Pertanto, «se una priorità è scoprire opzioni terapeutiche e vaccini, è ancora più importante lavorare sull’educazione e sulla consapevolezza delle persone riguardo ai rischi associati agli ambienti antropizzati». Un’analisi cristallina, compiuta in tempi non sospetti, conclusa con la più classica delle soluzioni individualizzanti tipica degli scienziati borghesi.

Di trasformazioni socio-economiche, neanche a parlarne. Il che non è un caso.

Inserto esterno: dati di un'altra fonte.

theorem proposition3:
  fixes X :: "'a set" and E :: "('a \<times> 'a) set" and \<alpha> \<beta> :: "'a \<Rightarrow> nat"
  assumes "finite X"
    and "E \<subseteq> X \<times> X"
    and "\<forall>A. A \<subseteq> X \<and> A \<noteq> {} \<longrightarrow> (\<Sum>x\<in>A. \<alpha> x) < (\<Sum>y\<in>nbr_set E A. \<beta> y)"
  shows "L_connected X E \<alpha> \<beta>"
proof -
  interpret allocation X E \<alpha> \<beta> using assms(1,2) by unfold_locales
  show ?thesis unfolding L_connected_def using states_connected[OF assms(3)] by blast
qed

end
(* For every complex Banach space $X$ with open unit ball $B$ and every $f\in A_u(B)$, $$Cl_B(f,0)=\bigcap_{Y}\widehat{f|_{B_Y}}\big(M_0(B_Y)\big),$$ where the intersection runs over all closed subspaces $Y\subset X$ with $\dim(X/Y)<\infty$, $B_Y$ denotes the open unit ball of $Y$, and $M_0(B_Y)$ is the fiber over $0$ of the spectrum of $A_u(B_Y)$.
   Context: For a Banach space $Z$ with open unit ball $B_Z$, $A_u(B_Z)$ is the uniform algebra of bounded holomorphic functions on $B_Z$ that are uniformly continuous; $M_0(B_Z)$ is the set of nonzero multiplicative linear functionals $\tau$ on $A_u(B_Z)$ with $\tau(z^* )=0$ for every $z^*\in Z^*$; $\hat g(\tau)=\tau(g)$ is the Gelfand transform. $Cl_{B}(f,0)$ is the set of all limits $\lim_\alpha f(x_\alpha)$ over nets $(x_\alpha)$ in $B$ converging weakly to $0$. *)

theory Defs
  imports "HOL-Analysis.Analysis"
begin

class complex_normed_vector = real_normed_vector +
  fixes scaleC :: "complex \<Rightarrow> 'a \<Rightarrow> 'a" (infixr \<open>*\<^sub>C\<close> 75)
  assumes scaleC_add_right: "a *\<^sub>C (x + y) = a *\<^sub>C x + a *\<^sub>C y"
    and scaleC_add_left: "(a + b) *\<^sub>C x = a *\<^sub>C x + b *\<^sub>C x"
    and scaleC_scaleC: "a *\<^sub>C (b *\<^sub>C x) = (a * b) *\<^sub>C x"
    and scaleC_one: "1 *\<^sub>C x = x"
    and scaleC_of_real: "(of_real r) *\<^sub>C x = r *\<^sub>R x"
    and norm_scaleC: "norm (a *\<^sub>C x) = cmod a * norm x"

instantiation complex :: complex_normed_vector
begin
definition scaleC_complex :: "complex \<Rightarrow> complex \<Rightarrow> complex" where
  "scaleC_complex a x = a * x"
instance
  by standard (auto simp: scaleC_complex_def algebra_simps norm_mult scaleR_conv_of_real)
end
lemma sinh_sums_odd: "(\<lambda>k. x^(2*k+1) / fact (2*k+1)) sums sinh (x::real)"
proof -
  have "(\<lambda>k. \<Sum>i\<in>{k*2..<k*2+2}. if even i then 0 else x^i /\<^sub>R fact i) sums sinh x"
    by (rule sums_group[OF sinh_converges]) auto
  moreover have "{k*2..<k*2+2} = {2*k, 2*k+1}" for k :: nat by auto
  ultimately show ?thesis by (simp add: divide_inverse mult.commute)
qed

lemma exp_sums_even_odd: "(\<lambda>k. x^(2*k) / fact (2*k) + x^(2*k+1) / fact (2*k+1)) sums exp (x::real)"
  using sums_add[OF cosh_sums_even[of x] sinh_sums_odd[of x]] unfolding cosh_plus_sinh .

lemma sums_odd_weighted_even:
  "(\<lambda>k. (2 * real k + 1) * (x^(2*k) / fact (2*k))) sums (cosh x + x * sinh (x::real))"
proof -
  have shifted: "2 * real (Suc k) * (x^(2 * Suc k) / fact (2 * Suc k)) = x * (x^(2*k+1) / fact (2*k+1))" for k
  proof -
    have "2 * Suc k = Suc (2*k+1)" by simp
    then have "(fact (2 * Suc k) :: real) = 2 * real (Suc k) * fact (2*k+1)"
      "x^(2 * Suc k) = x * x^(2*k+1)"
      by (simp_all only: fact_Suc power_Suc) simp
    then show ?thesis by simp
  qed
  have "(\<lambda>k. 2 * real (Suc k) * (x^(2 * Suc k) / fact (2 * Suc k))) sums (x * sinh x)"
    using sums_mult[OF sinh_sums_odd[of x], of x] by (simp only: shifted)
  then have "(\<lambda>k. 2 * real k * (x^(2*k) / fact (2*k))) sums (x * sinh x)"
    by (subst (asm) sums_Suc_iff) simp
  from sums_add[OF cosh_sums_even[of x] this] show ?thesis
    by (simp add: algebra_simps add_divide_distrib)
qed

definition hyp0F1 :: "real \<Rightarrow> real \<Rightarrow> real" where
  "hyp0F1 a z = (\<Sum>k. z^k / (pochhammer a k * fact k))"

lemma summable_hyp0F1:
  fixes a z :: real
  assumes "0 < a"
  shows "summable (\<lambda>k. z^k / (pochhammer a k * fact k))"
proof -
  define m where "m = min a 1"
  have m: "0 < m" "m \<le> 1" using assms by (auto simp: m_def min_def)
  have poch: "m^k \<le> pochhammer a k" for k
  proof -
    have "m^k = (\<Prod>i = 0..<k. m)" by simp
    also have "\<dots> \<le> (\<Prod>i = 0..<k. a + real i)"
      using m by (intro prod_mono) (auto simp: m_def)
    finally show ?thesis by (simp add: pochhammer_prod)
  qed
  have "norm (z^k / (pochhammer a k * fact k)) \<le> (\<bar>z\<bar> / m)^k / fact k" for k
  proof -
    have "norm (z^k / (pochhammer a k * fact k)) = \<bar>z\<bar>^k / (pochhammer a k * fact k)"
      using pochhammer_pos[OF assms, of k] by (simp add: abs_mult power_abs)
    also have "\<dots> \<le> \<bar>z\<bar>^k / (m^k * fact k)"
      using m poch[of k] pochhammer_pos[OF assms, of k] by (intro divide_left_mono mult_right_mono) auto
    finally show ?thesis by (simp add: power_divide)
  qed
  moreover have "summable (\<lambda>k. (\<bar>z\<bar> / m)^k / fact k)"
    using summable_exp[of "\<bar>z\<bar> / m"] by (simp add: divide_inverse mult.commute)
  ultimately show ?thesis by (blast intro: summable_comparison_test')
qed

lemma hyp0F1_term_eq:
  assumes "0 < a"
  shows "(x^2/4)^k / (pochhammer a k * fact k) = half_pochhammer_ratio a k * (x^(2*k) / fact (2*k))"
proof -
  have "pochhammer (1/2) k > (0::real)" "pochhammer a k > 0"
    using assms by (simp_all add: pochhammer_pos)
  then show ?thesis
    by (simp add: half_pochhammer_ratio_def fact_double power_divide power_mult power_mult_distrib)
qed

lemma hyp0F1_term_le:
  fixes x r :: real
  assumes "0 < x" "0 \<le> r" "r \<le> 1"
  shows "(x^2/4)^k / (pochhammer (1/2 + r) k * fact k)
    \<le> x powr (-r) * (x^(2*k) / fact (2*k) + x^(2*k+1) / fact (2*k+1))"
proof -
  define q t where "q = 2 * real k + 1" and "t = x^(2*k) / fact (2*k)"
  have q: "0 < q" by (simp add: q_def)
  have t: "0 \<le> t" using assms by (simp add: t_def)
  have "half_pochhammer_ratio (1/2 + r) k * q powr r \<le> 1"
    using half_pochhammer_ratio_le[OF assms(2,3)] by (simp add: q_def)
  then have ratio: "half_pochhammer_ratio (1/2 + r) k \<le> q powr (-r)"
    using q by (simp add: powr_minus field_simps)
  have "(x/q) powr r \<le> r * (x/q) + (1 - r)"
    using assms q by (intro powr_le_weighted_mean) auto
  also have "\<dots> \<le> 1 + x/q"
    using assms q mult_left_le_one_le[of "x/q" r] by auto
  finally have split: "q powr (-r) \<le> x powr (-r) * (1 + x/q)"
    using assms q by (simp add: powr_divide powr_minus field_simps)
  have odd: "t * (x/q) = x^(2*k+1) / fact (2*k+1)"
    by (simp add: t_def q_def field_simps)
  have "(x^2/4)^k / (pochhammer (1/2 + r) k * fact k) = half_pochhammer_ratio (1/2 + r) k * t"
    using assms by (simp add: hyp0F1_term_eq t_def)
  also have "\<dots> \<le> q powr (-r) * t"
    using ratio t by (rule mult_right_mono)
  also have "\<dots> \<le> x powr (-r) * (1 + x/q) * t"
    using split t by (rule mult_right_mono)
  also have "\<dots> = x powr (-r) * (t + t * (x/q))"
    by (simp add: algebra_simps)
  finally show ?thesis
    by (simp only: odd) (simp add: t_def)
qed
(* Sort the admissible orders by their last element x.  Removing x leaves an admissible order
   of the remaining numbers subject to two more conditions: the numbers above x that are not
   the largest lie outside B and all numbers above x appear in increasing order; and if x is
   not in B, every number below x comes before every number above x.
   Let w = Max A.  No order of [n] ends below w; the orders ending in some x > w are exactly
   L @ [x+1..n] @ [x] with L admissible on [x-1], so there are f_{x-1}(A) of them; the orders
   ending in w correspond to the admissible orders of [n] - {w} whose numbers above w increase.
   Splitting the latter once more by their last element, which is either n or below w, and
   closing the gap at w shows that their number H_n satisfies H_n = H_{n-1} + U, where U counts
   the orders of [n-1] admissible for A' = A - {w} that end below w.  The same decomposition
   for A' gives f_{n-1}(A') = (sum j = w-1..n-2. f_j(A')) + U, and comparing the expansions of
   f_n(A) and f_{n-1}(A) yields the identity. *)

lemma pos_nth: "distinct q \<Longrightarrow> i < length q \<Longrightarrow> pos q (q ! i) = i"
  unfolding pos_def by (rule Least_equality) (auto simp: nth_eq_iff_index_eq)

lemma pos_less_length_nth:
  assumes "x \<in> set q"
  shows "pos q x < length q \<and> q ! pos q x = x"
proof -
  obtain i where i: "i < length q" "q ! i = x"
    using assms by (auto simp: in_set_conv_nth)
  have "pos q x \<le> i" unfolding pos_def by (rule Least_le) (use i in auto)
  moreover have "q ! pos q x = x" unfolding pos_def by (rule LeastI2[of _ i]) (use i in auto)
  ultimately show ?thesis using i by auto
qed

lemma pos_less_length: "x \<in> set q \<Longrightarrow> pos q x < length q"
  by (simp add: pos_less_length_nth)

lemma nth_pos: "x \<in> set q \<Longrightarrow> q ! pos q x = x"
  by (simp add: pos_less_length_nth)
(* Let $\Theta\subset\mathbb R^d$ and let $A:\Theta\to S^d_+(\mathbb R)$ be $L$-Lipschitz with respect to the Frobenius norm. Then for all $\beta>0$, $v\in\mathbb R^d$ and $\theta_1,\theta_2\in\Theta$, \[ \|v\|^2_{A_\beta(\theta_2)}\le\big(3+L\beta^{-1}|\theta_1-\theta_2|\big)\,\|v\|^2_{A_\beta(\theta_1)}. \]
   Context: $S^d_+(\mathbb R)$ is the set of real symmetric positive semidefinite $d\times d$ matrices. For $A\in S^d_+(\mathbb R)$ with spectral decomposition $A=\sum_{j=1}^d\lambda_j u_ju_j^T$ (orthonormal eigenvectors $u_j$) and $\beta>0$, define $A_\beta=\sum_{j=1}^d\max(\lambda_j,\beta)u_ju_j^T$ (eigenvalues below $\beta$ replaced by $\beta$). For a matrix $M\in S^d_+(\mathbb R)$ and $v\in\mathbb R^d$, $\|v\|_M=\sqrt{\langle Mv,v\rangle}$. $|\cdot|$ is the Euclidean norm. *)

theory Defs
  imports "HOL-Analysis.Analysis"
begin

definition psd :: "real^'d^'d \<Rightarrow> bool" where
  "psd A \<longleftrightarrow> transpose A = A \<and> (\<forall>x. 0 \<le> x \<bullet> (A *v x))"

definition frob_norm :: "real^'d^'d \<Rightarrow> real" where
  "frob_norm A = sqrt (\<Sum>i\<in>UNIV. \<Sum>j\<in>UNIV. (A $ i $ j)\<^sup>2)"

definition outer :: "real^'d \<Rightarrow> real^'d^'d" where
  "outer u = (\<chi> i j. u $ i * u $ j)"

definition orthonormal_family :: "('d \<Rightarrow> real^'d) \<Rightarrow> bool" where
  "orthonormal_family u \<longleftrightarrow> (\<forall>i j. u i \<bullet> u j = (if i = j then 1 else 0))"

text \<open>A_beta: replace eigenvalues below beta by beta in a spectral decomposition
  A = sum_j lambda_j u_j u_j^T (well defined, independent of the decomposition).\<close>
definition clamp :: "real \<Rightarrow> real^'d^'d \<Rightarrow> real^'d^'d" where
  "clamp \<beta> A = (SOME B. \<exists>u lam. orthonormal_family u \<and>
      A = (\<Sum>j\<in>UNIV. lam j *\<^sub>R outer (u j)) \<and>
      B = (\<Sum>j\<in>UNIV. max (lam j) \<beta> *\<^sub>R outer (u j)))"

definition mnorm_sq :: "real^'d^'d \<Rightarrow> real^'d \<Rightarrow> real" where
  "mnorm_sq M v = (M *v v) \<bullet> v"

end

theory Submission
  imports Defs
begin

text \<open>Write |v|_M^2 for mnorm_sq M v. Clamping raises every eigenvalue to at least \<beta>, so
  \<beta>|v|^2 \<le> |v|_{A_\<beta>}^2 and |v|_A^2 \<le> |v|_{A_\<beta>}^2; for positive semidefinite A it raises each
  eigenvalue by at most \<beta>, so |v|_{A_\<beta>}^2 \<le> |v|_A^2 + \<beta>|v|^2. Chaining these with
  ||v|_A^2 - |v|_B^2| \<le> |A - B|_F |v|^2 gives
  |v|_{B_\<beta>}^2 \<le> |v|_{A_\<beta>}^2 + |A - B|_F |v|^2 + \<beta>|v|^2, and both error terms are absorbed
  by \<beta>|v|^2 \<le> |v|_{A_\<beta>}^2. As A_\<beta> is defined through a spectral decomposition, the spectral
  theorem for real symmetric matrices is proved first, by repeatedly maximising the Rayleigh
  quotient on the orthogonal complement of the eigenvectors already found.\<close>

lemma symmetric_matrix_inner_swap:
  fixes A :: "real^'n^'n"
  assumes "transpose A = A"
  shows "(A *v x) \<bullet> y = x \<bullet> (A *v y)"
  by (metis assms dot_lmul_matrix vector_transpose_matrix)

lemma quadratic_nonpos_imp_linear_coeff_zero:
  fixes a b :: real
  assumes "\<And>t. a * t + b * t\<^sup>2 \<le> 0"
  shows "a = 0"
proof (rule ccontr)
  assume "a \<noteq> 0"
  define k where "k = \<bar>b\<bar> + 1"
  define t where "t = a / (2 * k)"
  have "k > 0" by (simp add: k_def)
  have "b * t\<^sup>2 \<ge> - k * t\<^sup>2"
    by (intro mult_right_mono) (auto simp: k_def)
  moreover have "a * t - k * t\<^sup>2 = a\<^sup>2 / (4 * k)"
    using \<open>k > 0\<close> by (simp add: t_def power2_eq_square field_simps)
  moreover have "a\<^sup>2 / (4 * k) > 0" using \<open>k > 0\<close> \<open>a \<noteq> 0\<close> by simp
  ultimately show False using assms[of t] by linarith
qed

lemma rayleigh_maximizer_is_eigenvector:
  fixes A :: "real^'n^'n"
  assumes sym: "transpose A = A" and W: "subspace W" and AW: "\<And>x. x \<in> W \<Longrightarrow> A *v x \<in> W"
    and x0: "x0 \<in> W" "x0 \<bullet> x0 = 1"
    and max: "\<And>y. y \<in> W \<Longrightarrow> y \<bullet> (A *v y) \<le> (x0 \<bullet> (A *v x0)) * (y \<bullet> y)"
  shows "A *v x0 = (x0 \<bullet> (A *v x0)) *\<^sub>R x0"
proof -
  define \<mu> where "\<mu> = x0 \<bullet> (A *v x0)"
  define w where "w = A *v x0 - \<mu> *\<^sub>R x0"
  \<comment> \<open>Moving from x0 along w \<in> W, the Rayleigh quotient has slope 2|w|^2, which maximality forces to 0.\<close>
  have "w \<in> W" unfolding w_def using W x0(1) AW by (intro subspace_diff subspace_scale) auto
  have wx0: "w \<bullet> x0 = 0"
    using x0(2) by (simp add: w_def \<mu>_def inner_diff_left) (simp add: inner_commute)
  have Awx0: "w \<bullet> (A *v x0) = w \<bullet> w"
    using wx0 by (simp add: w_def inner_diff_right)
  have swap: "x0 \<bullet> (A *v w) = w \<bullet> (A *v x0)"
    using symmetric_matrix_inner_swap[OF sym, of x0 w] by (simp add: inner_commute)
  have "(2 * (w \<bullet> w)) * t + (w \<bullet> (A *v w) - \<mu> * (w \<bullet> w)) * t\<^sup>2 \<le> 0" for t
  proof -
    have xt: "x0 + t *\<^sub>R w \<in> W" using W x0(1) \<open>w \<in> W\<close> by (intro subspace_add subspace_scale) auto
    have "(x0 + t *\<^sub>R w) \<bullet> (A *v x0 + t *\<^sub>R (A *v w)) \<le> \<mu> * ((x0 + t *\<^sub>R w) \<bullet> (x0 + t *\<^sub>R w))"
      using max[OF xt] by (simp add: \<mu>_def matrix_vector_right_distrib matrix_vector_mult_scaleR)
    then have "\<mu> + 2 * t * (w \<bullet> w) + t\<^sup>2 * (w \<bullet> (A *v w)) \<le> \<mu> * (1 + t\<^sup>2 * (w \<bullet> w))"
      using x0(2) wx0 inner_commute[of w x0] swap Awx0
      by (simp add: \<mu>_def inner_add_left inner_add_right power2_eq_square algebra_simps)
    then show ?thesis by (simp add: algebra_simps)
  qed
  then have "2 * (w \<bullet> w) = 0" by (rule quadratic_nonpos_imp_linear_coeff_zero)
  then show ?thesis by (simp add: w_def \<mu>_def)
qed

Con questo modo di ragionare sul banco degli imputati non finisce il modo di produzione capitalistico con tutte le sue sfaccettature e contraddizioni, bensì l’indifferenziata industrializzazione e antropizzazione. Una posizione, dunque, che giustifica quella equidistanza e quel “ne-neismo” (sempre di moda nella a-sinistra) che tanti danni sta facendo non solo alla lotta all’inquinamento ma anche all’Ucraina, alla Palestina e, prossimamente, a Formosa.

Pertanto, prima di analizzare i motivi per cui la teoria del laboratorio è al momento tutt’altro che complottista, vediamo perché è necessario inquadrare l’eventuale zoonosi – una ipotesi possibile ma ancora tutta da dimostrare per quanto riguarda l’origine del SARS-CoV-2 – come un problema legato al capitalismo e alla sua egemonia e non al mero sviluppo umano e industriale[3]. Infine, nel terzo articolo dedicato al binomio pandemia-complottismo, analizzeremo la consapevolezza del pericolo.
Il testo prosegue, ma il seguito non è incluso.